Toronto Blue Jays
- Pitcher
- Born: November 15, 1995 (age 30) Rochester, Indiana, U.S.
- Bats: RightThrows: Right

MLB debut
- May 25, 2026, for the Toronto Blue Jays

MLB statistics (through May 26, 2026)
- Win–loss record: 0-0
- Earned run average: 0.00
- Strikeouts: 1
- Stats at Baseball Reference

Teams
- Toronto Blue Jays (2026);

= Tanner Andrews =

American baseball player (born 1995)

Tanner Logan Andrews (born November 15, 1995) is an American professional baseball pitcher in the Toronto Blue Jays organization. He made his Major League Baseball (MLB) debut in 2026.

==Career==
Andrews attended Tippecanoe Valley High School in Akron, Indiana, and Purdue University. He played college baseball for the Purdue Boilermakers.

===Miami Marlins===
The Miami Marlins selected Andrews in the 10th round, with the 297th pick, of the 2018 Major League Baseball draft. He signed with Miami for a $10,000 signing bonus, and split his first professional season between the rookie–level Gulf Coast League Marlins and Low–A Batavia Muckdogs.

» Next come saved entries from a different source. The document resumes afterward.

(* Let $I\subseteq R$ be a good ideal. For each $i\in\{1,\dots,n\}$ let $e_i$ be the $i$-th standard unit vector of $\mathbb N^n$ and let $q_i$ be the smallest nonnegative integer such that $I_{te_i}=I_{q_ie_i}$ for all integers $t\ge q_i$ (such $q_i$ exists). Then the Ratliff--Rush closure of $I$ is $$\tilde I=I_{q_1,0,\dots,0}\cap I_{0,q_2,0,\dots,0}\cap\cdots\cap I_{0,\dots,0,q_n}.$$
   Context: Let $\mathbb K$ be a field, $R=\mathbb K[x_1,\dots,x_n]$, $\mathfrak m=\langle x_1,\dots,x_n\rangle$, $\mathbb N=\{0,1,2,\dots\}$. A monomial $x_1^{\alpha_1}\cdots x_n^{\alpha_n}$ is identified with the point $(\alpha_1,\dots,\alpha_n)\in\mathbb N^n$. For a monomial ideal $I$, $G(I)$ denotes its (unique) minimal monomial generating set. If $I$ is an $\mathfrak m$-primary monomial ideal, then for each $i$ there is a unique $d_i\ge1$ with $x_i^{d_i}\in G(I)$; write $\mu_i=x_i^{d_i}$. For $(a_1,\dots,a_n)\in\mathbb N^n$ the box associated to $I$ is $B_{a_1,\dots,a_n}=([a_1d_1,(a_1+1)d_1]\times\cdots\times[a_nd_n,(a_n+1)d_n])\cap\mathbb N^n$; a monomial belongs to a box if its exponent vector does. An $\mathfrak m$-primary monomial ideal $I$ is called good if for every integer $l\ge1$, every element of $G(I^l)$ belongs to some box $B_{a_1,\dots,a_n}$ with $a_1+\dots+a_n=l-1$. For a good ideal $I$ and $a=(a_1,\dots,a_n)\in\mathbb N^n$, with $l=a_1+\dots+a_n+1$, define $I_{a}=I_{a_1,\dots,a_n}=\left\langle \frac{m}{\mu_1^{a_1}\cdots\mu_n^{a_n}} : m\in B_{a_1,\dots,a_n}\cap G(I^l)\right\rangle$. The Ratliff--Rush closure of a regular ideal $I$ is $\tilde I=\bigcup_{k\ge0}(I^{k+1}:I^k)$. *)

theory Defs
  imports Main "HOL-Library.Poly_Mapping"
begin

text \<open>Polynomial ring K[x_i : i in 'n] over a field, 'n a finite type of variables
  (n = CARD of the variable type); exponents are finitely supported maps.\<close>

type_synonym ('n, 'k) mpoly = "('n \<Rightarrow>\<^sub>0 nat) \<Rightarrow>\<^sub>0 'k"

definition monom :: "('n \<Rightarrow>\<^sub>0 nat) \<Rightarrow> ('n, 'k::field) mpoly" where
  "monom \<alpha> = Poly_Mapping.single \<alpha> 1"

definition var :: "'n \<Rightarrow> ('n, 'k::field) mpoly" where
  "var i = monom (Poly_Mapping.single i 1)"

definition ideal_gen :: "('n, 'k::field) mpoly set \<Rightarrow> ('n, 'k) mpoly set" where
  "ideal_gen S = {x. \<exists>F c. finite F \<and> F \<subseteq> S \<and> x = (\<Sum>s\<in>F. c s * s)}"

definition is_ideal :: "('n, 'k::field) mpoly set \<Rightarrow> bool" where
  "is_ideal I \<longleftrightarrow> 0 \<in> I \<and> (\<forall>a\<in>I. \<forall>b\<in>I. a + b \<in> I) \<and> (\<forall>r. \<forall>a\<in>I. r * a \<in> I)"

definition ideal_mult :: "('n, 'k::field) mpoly set \<Rightarrow> ('n, 'k) mpoly set \<Rightarrow> ('n, 'k) mpoly set" where
  "ideal_mult I J = ideal_gen {a * b | a b. a \<in> I \<and> b \<in> J}"

primrec ideal_pow :: "('n, 'k::field) mpoly set \<Rightarrow> nat \<Rightarrow> ('n, 'k) mpoly set" where
  "ideal_pow I 0 = UNIV"
| "ideal_pow I (Suc k) = ideal_mult I (ideal_pow I k)"

definition ideal_colon :: "('n, 'k::field) mpoly set \<Rightarrow> ('n, 'k) mpoly set \<Rightarrow> ('n, 'k) mpoly set" where
  "ideal_colon I J = {r. \<forall>j\<in>J. r * j \<in> I}"

definition radical :: "('n, 'k::field) mpoly set \<Rightarrow> ('n, 'k) mpoly set" where
  "radical I = {f. \<exists>k. f ^ k \<in> I}"

definition max_ideal :: "('n, 'k::field) mpoly set" where
  "max_ideal = ideal_gen (range var)"

definition monomial_ideal :: "('n, 'k::field) mpoly set \<Rightarrow> bool" where
  "monomial_ideal I \<longleftrightarrow> (\<exists>S. I = ideal_gen (monom ` S))"

definition m_primary :: "('n, 'k::field) mpoly set \<Rightarrow> bool" where
  "m_primary I \<longleftrightarrow> is_ideal I \<and> radical I = max_ideal"

definition exp_le :: "('n \<Rightarrow>\<^sub>0 nat) \<Rightarrow> ('n \<Rightarrow>\<^sub>0 nat) \<Rightarrow> bool" where
  "exp_le \<beta> \<alpha> \<longleftrightarrow> (\<forall>i. Poly_Mapping.lookup \<beta> i \<le> Poly_Mapping.lookup \<alpha> i)"

definition mingens :: "('n, 'k::field) mpoly set \<Rightarrow> ('n \<Rightarrow>\<^sub>0 nat) set" where
  "mingens I = {\<alpha>. monom \<alpha> \<in> I \<and> (\<forall>\<beta>. exp_le \<beta> \<alpha> \<and> \<beta> \<noteq> \<alpha> \<longrightarrow> monom \<beta> \<notin> I)}"

definition pdeg :: "('n, 'k::field) mpoly set \<Rightarrow> 'n \<Rightarrow> nat" where
  "pdeg I i = (THE d. Poly_Mapping.single i d \<in> mingens I)"

definition box :: "('n, 'k::field) mpoly set \<Rightarrow> ('n \<Rightarrow> nat) \<Rightarrow> ('n \<Rightarrow>\<^sub>0 nat) set" where
  "box I a = {\<beta>. \<forall>i. a i * pdeg I i \<le> Poly_Mapping.lookup \<beta> i \<and> Poly_Mapping.lookup \<beta> i \<le> (a i + 1) * pdeg I i}"

definition good :: "('n::finite, 'k::field) mpoly set \<Rightarrow> bool" where
  "good I \<longleftrightarrow> m_primary I \<and> monomial_ideal I \<and>
     (\<forall>l\<ge>1. \<forall>\<alpha>\<in>mingens (ideal_pow I l). \<exists>a. (\<Sum>i\<in>UNIV. a i) = l - 1 \<and> \<alpha> \<in> box I a)"

text \<open>Exponent vector of mu_1^{a_1} ... mu_n^{a_n}.\<close>
definition shift :: "('n::finite, 'k::field) mpoly set \<Rightarrow> ('n \<Rightarrow> nat) \<Rightarrow> ('n \<Rightarrow>\<^sub>0 nat)" where
  "shift I a = (\<Sum>i\<in>UNIV. Poly_Mapping.single i (a i * pdeg I i))"

definition Ia :: "('n::finite, 'k::field) mpoly set \<Rightarrow> ('n \<Rightarrow> nat) \<Rightarrow> ('n, 'k) mpoly set" where
  "Ia I a = ideal_gen {monom (\<alpha> - shift I a) | \<alpha>.
              \<alpha> \<in> box I a \<inter> mingens (ideal_pow I ((\<Sum>i\<in>UNIV. a i) + 1))}"

definition ratliff_rush :: "('n, 'k::field) mpoly set \<Rightarrow> ('n, 'k) mpoly set" where
  "ratliff_rush I = (\<Union>k. ideal_colon (ideal_pow I (k + 1)) (ideal_pow I k))"

definition unitv :: "nat \<Rightarrow> 'n \<Rightarrow> ('n \<Rightarrow> nat)" where
  "unitv t i = (\<lambda>j. if j = i then t else 0)"

end

theory Submission
  imports Defs "HOL-Library.Multiset" "HOL-Library.FuncSet" "HOL-Library.Set_Algebras"
begin

text \<open>All ideals involved are monomial, so everything reduces to the upward closed sets \<open>E\<^sub>k\<close> of
  exponents of \<open>I\<^sup>k\<close>. For a good ideal, \<open>I\<^sub>t\<^sub>e\<^sub>i\<close> is the colon ideal
  \<open>I\<^bsup>t+1\<^esup> : \<mu>\<^sub>i\<^sup>t\<close>; these increase with \<open>t\<close> and contain every monomial divisible by some
  \<open>\<mu>\<^sub>j\<close>, so they stabilise. The Ratliff--Rush closure is the union of the increasing chain
  \<open>I\<^bsup>k+1\<^esup> : I\<^sup>k\<close>, each member of which lies in \<open>I\<^bsup>t+1\<^esup> : \<mu>\<^sub>i\<^sup>t\<close> for \<open>t \<ge> k\<close>.
  Conversely, goodness forces every monomial \<open>u \<in> I\<close> to have weighted degree
  \<open>\<Sum>\<^sub>j u\<^sub>j / d\<^sub>j \<ge> 1\<close>, so \<open>u\<^bsup>T L\<^esup>\<close> is a product of at least \<open>T L\<close> pure powers \<open>\<mu>\<^sub>j\<close>
  among which some \<open>\<mu>\<^sub>i\<close> occurs \<open>T\<close> times. A monomial \<open>v\<close> in all stable colon ideals
  therefore absorbs \<open>u\<^bsup>T L\<^esup>\<close>, and by pigeonhole every product of sufficiently many
  generators of \<open>I\<close> contains such a power; hence \<open>v I\<^sup>k \<subseteq> I\<^bsup>k+1\<^esup>\<close> for large \<open>k\<close>.\<close>

lemma finite_subset_UN_mono:
  assumes "mono (A :: nat \<Rightarrow> 'a set)" "finite F" "F \<subseteq> (\<Union>k. A k)"
  shows "\<exists>k. F \<subseteq> A k"
  using assms(2,3)
proof (induction F rule: finite_induct)
  case (insert x F)
  then obtain k1 k2 where "x \<in> A k1" "F \<subseteq> A k2"
    by blast
  then have "insert x F \<subseteq> A (max k1 k2)"
    using monoD[OF assms(1), of k1 "max k1 k2"] monoD[OF assms(1), of k2 "max k1 k2"] by auto
  then show ?case
    by blast
qed simp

Andrews split the 2019 campaign between the Single–A Clinton LumberKings and High–A Jupiter Hammerheads, recording a cumulative 8–5 record and 3.50 ERA with 110 strikeouts and two saves over 128 2/3 innings of work. He did not play in a game in 2020 due to the cancellation of the minor league season because of the COVID-19 pandemic.

Andrews returned to action in 2021 with the Double–A Pensacola Blue Wahoos, but struggled to an 11.12 ERA with nine strikeouts; his season ended after he underwent Tommy John surgery on July 7.

===San Francisco Giants===
On December 9, 2021, Andrews was selected by the Atlanta Braves in the Rule 5 draft and was subsequently to the San Francisco Giants in exchange for cash considerations. He split the 2022 campaign between the rookie–level Arizona Complex League Giants, Single–A San Jose Giants, High–A Eugene Emeralds, and Double–A Richmond Flying Squirrels, accumulating a 2—0 record and 0.92 ERA with 30 strikeouts across 19 2/3 innings pitched.

Andrews made 27 appearances (two starts) for the Triple–A Sacramento River Cats in 2023, posting a 3—3 record and 5.74 ERA with 53 strikeouts; he appeared in 38 games out of the bullpen for Sacramento in 2024, compiling a 3–6 record and 6.95 ERA with 76 strikeouts and two saves.

===Staten Island FerryHawks===
Andrews began the 2025 season with the Staten Island FerryHawks of the Atlantic League of Professional Baseball. He made 15 scoreless appearances for Staten Island, recording two wins, 25 strikeouts, and three saves across 13 2/3 innings pitched.

===Minnesota Twins===
On June 13, 2025, Andrews's contract was purchased by the Minnesota Twins. He made 14 appearances for the Double–A Wichita Wind Surge, logging a 1—3 record and 3.78 ERA with 18 strikeouts and two saves across 16 2/3 innings pitched. Andrews elected free agency following the season on November 6.

===Toronto Blue Jays===
On November 26, 2025, Andrews signed a minor league contract with the Toronto Blue Jays. The Blue Jays later gave him an invite to spring training. Andrews was assigned to Triple-A Buffalo Bisons to begin the 2026 season. On May 25, 2026, Andrews was selected to the 40-man roster and promoted to the major leagues for the first time. He made his MLB debut the same day, tossing a scoreless inning against the Miami Marlins. Following another scoreless appearance, Andrews was designated for assignment by the Blue Jays on June 4. He cleared waivers and was sent outright to Triple-A Buffalo on June 7.